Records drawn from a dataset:
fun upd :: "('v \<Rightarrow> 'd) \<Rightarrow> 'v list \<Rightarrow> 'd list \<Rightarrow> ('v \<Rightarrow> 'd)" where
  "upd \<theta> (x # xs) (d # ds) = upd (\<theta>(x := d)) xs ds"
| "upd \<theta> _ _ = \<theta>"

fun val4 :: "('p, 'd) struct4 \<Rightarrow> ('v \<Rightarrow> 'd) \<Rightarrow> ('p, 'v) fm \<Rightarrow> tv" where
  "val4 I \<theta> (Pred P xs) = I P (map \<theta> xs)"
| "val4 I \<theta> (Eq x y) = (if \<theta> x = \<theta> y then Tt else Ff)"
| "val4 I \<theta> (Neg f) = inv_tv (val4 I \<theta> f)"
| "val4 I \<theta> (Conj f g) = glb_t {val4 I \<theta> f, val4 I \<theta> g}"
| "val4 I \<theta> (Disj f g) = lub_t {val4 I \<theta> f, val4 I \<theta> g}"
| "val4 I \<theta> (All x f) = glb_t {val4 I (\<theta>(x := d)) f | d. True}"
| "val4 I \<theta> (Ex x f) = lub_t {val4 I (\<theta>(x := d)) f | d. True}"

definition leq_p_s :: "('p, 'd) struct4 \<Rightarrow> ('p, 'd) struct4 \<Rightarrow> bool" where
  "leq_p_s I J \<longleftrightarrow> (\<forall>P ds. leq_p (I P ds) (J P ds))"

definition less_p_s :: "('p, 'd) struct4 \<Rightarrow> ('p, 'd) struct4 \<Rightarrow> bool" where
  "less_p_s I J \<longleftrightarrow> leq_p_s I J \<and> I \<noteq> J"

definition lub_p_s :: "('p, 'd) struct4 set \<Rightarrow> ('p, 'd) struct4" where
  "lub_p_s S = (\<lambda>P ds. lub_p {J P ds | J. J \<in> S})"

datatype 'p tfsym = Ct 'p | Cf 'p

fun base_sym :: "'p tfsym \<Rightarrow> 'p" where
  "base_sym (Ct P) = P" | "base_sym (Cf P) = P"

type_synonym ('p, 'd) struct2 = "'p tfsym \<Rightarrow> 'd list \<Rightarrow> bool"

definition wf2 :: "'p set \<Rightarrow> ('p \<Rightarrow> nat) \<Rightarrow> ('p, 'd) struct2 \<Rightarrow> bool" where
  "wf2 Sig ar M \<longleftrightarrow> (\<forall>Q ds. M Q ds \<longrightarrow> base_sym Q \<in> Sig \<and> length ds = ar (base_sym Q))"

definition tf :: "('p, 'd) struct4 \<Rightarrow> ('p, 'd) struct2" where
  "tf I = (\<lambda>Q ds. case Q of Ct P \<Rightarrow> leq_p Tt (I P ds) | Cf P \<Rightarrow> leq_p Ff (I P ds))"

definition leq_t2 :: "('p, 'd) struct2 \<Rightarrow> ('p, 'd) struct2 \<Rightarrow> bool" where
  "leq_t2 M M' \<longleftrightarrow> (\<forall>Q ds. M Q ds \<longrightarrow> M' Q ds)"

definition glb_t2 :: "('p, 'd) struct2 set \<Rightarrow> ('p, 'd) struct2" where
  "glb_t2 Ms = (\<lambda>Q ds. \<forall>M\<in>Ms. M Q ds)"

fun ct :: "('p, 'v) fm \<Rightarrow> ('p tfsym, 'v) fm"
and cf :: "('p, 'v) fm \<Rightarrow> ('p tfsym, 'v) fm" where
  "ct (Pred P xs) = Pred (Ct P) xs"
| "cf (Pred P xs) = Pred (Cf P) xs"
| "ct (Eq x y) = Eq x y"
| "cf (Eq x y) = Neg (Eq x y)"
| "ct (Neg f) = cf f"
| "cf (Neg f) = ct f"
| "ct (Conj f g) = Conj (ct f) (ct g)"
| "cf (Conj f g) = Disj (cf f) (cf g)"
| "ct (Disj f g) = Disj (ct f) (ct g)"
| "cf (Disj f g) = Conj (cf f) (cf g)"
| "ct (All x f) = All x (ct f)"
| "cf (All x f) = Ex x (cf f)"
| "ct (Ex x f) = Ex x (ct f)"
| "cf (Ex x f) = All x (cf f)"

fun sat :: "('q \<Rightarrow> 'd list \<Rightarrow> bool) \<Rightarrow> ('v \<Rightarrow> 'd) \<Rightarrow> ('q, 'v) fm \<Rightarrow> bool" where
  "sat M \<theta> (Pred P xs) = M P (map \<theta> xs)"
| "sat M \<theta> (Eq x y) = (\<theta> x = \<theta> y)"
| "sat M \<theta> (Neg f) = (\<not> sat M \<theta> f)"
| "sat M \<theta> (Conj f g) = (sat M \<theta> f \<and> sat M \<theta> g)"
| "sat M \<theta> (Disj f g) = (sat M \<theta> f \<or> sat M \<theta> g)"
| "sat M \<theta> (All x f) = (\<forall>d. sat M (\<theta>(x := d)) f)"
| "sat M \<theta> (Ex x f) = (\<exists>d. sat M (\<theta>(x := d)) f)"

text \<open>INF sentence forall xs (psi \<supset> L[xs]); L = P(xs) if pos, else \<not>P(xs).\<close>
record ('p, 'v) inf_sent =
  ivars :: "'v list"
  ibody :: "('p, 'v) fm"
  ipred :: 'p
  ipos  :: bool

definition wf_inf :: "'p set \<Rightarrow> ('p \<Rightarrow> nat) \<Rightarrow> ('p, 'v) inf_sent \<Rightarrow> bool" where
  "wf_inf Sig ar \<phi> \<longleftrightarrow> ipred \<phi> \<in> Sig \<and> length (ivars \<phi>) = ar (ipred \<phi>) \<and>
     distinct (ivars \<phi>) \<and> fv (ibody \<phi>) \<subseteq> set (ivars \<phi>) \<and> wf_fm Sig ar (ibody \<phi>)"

--

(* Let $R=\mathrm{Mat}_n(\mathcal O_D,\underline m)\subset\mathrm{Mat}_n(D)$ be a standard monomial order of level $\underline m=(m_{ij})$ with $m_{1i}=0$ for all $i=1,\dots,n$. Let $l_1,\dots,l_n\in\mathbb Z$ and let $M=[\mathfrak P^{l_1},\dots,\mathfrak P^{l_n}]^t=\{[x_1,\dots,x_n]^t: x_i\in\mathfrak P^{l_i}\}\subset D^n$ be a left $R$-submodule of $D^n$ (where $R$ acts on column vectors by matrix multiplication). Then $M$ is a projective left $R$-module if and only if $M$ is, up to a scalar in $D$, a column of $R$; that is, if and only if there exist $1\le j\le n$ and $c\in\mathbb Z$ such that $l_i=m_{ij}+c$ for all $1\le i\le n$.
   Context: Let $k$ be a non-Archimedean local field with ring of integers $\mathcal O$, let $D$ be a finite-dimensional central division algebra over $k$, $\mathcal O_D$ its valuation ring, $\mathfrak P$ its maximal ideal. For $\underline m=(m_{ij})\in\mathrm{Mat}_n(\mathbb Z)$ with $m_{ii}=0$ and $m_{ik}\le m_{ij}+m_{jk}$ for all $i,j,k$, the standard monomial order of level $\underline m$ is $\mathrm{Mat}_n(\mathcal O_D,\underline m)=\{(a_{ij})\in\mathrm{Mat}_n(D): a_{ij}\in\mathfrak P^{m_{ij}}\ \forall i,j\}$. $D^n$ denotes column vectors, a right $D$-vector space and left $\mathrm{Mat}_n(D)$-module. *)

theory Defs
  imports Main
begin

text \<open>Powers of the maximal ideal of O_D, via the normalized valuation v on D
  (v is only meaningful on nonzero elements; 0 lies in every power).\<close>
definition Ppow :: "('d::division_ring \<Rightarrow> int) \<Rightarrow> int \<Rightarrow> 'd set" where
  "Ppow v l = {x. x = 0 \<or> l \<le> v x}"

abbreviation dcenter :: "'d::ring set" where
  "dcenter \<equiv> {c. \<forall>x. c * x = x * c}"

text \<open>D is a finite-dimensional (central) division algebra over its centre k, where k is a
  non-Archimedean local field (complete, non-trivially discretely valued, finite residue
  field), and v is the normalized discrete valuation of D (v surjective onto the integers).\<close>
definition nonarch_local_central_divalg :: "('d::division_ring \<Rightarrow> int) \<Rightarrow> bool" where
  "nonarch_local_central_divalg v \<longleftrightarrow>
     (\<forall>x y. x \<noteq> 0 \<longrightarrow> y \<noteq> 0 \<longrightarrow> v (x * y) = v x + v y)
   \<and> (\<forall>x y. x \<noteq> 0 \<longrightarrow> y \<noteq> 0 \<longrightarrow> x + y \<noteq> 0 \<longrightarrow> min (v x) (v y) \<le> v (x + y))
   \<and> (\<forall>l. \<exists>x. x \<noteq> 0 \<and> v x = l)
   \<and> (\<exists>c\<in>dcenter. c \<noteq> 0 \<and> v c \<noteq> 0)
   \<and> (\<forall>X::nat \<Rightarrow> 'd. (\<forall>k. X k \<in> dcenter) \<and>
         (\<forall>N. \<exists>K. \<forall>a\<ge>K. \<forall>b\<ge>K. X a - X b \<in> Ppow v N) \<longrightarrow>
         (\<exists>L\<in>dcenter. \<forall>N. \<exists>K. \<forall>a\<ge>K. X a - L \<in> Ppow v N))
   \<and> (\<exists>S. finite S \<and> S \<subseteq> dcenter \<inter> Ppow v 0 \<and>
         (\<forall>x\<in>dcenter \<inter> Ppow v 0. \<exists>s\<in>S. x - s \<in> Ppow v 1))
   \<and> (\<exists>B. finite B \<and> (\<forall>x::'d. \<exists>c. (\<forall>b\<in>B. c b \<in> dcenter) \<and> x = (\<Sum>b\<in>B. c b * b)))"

## EXERCISE
Pull each line containing the word "integers" out of the data above.

## SOLUTION BELOW
   Context: Let $k$ be a non-Archimedean local field with ring of integers $\mathcal O$, let $D$ be a finite-dimensional central division algebra over $k$, $\mathcal O_D$ its valuation ring, $\mathfrak P$ its maximal ideal. For $\underline m=(m_{ij})\in\mathrm{Mat}_n(\mathbb Z)$ with $m_{ii}=0$ and $m_{ik}\le m_{ij}+m_{jk}$ for all $i,j,k$, the standard monomial order of level $\underline m$ is $\mathrm{Mat}_n(\mathcal O_D,\underline m)=\{(a_{ij})\in\mathrm{Mat}_n(D): a_{ij}\in\mathfrak P^{m_{ij}}\ \forall i,j\}$. $D^n$ denotes column vectors, a right $D$-vector space and left $\mathrm{Mat}_n(D)$-module. *)
  field), and v is the normalized discrete valuation of D (v surjective onto the integers).\<close>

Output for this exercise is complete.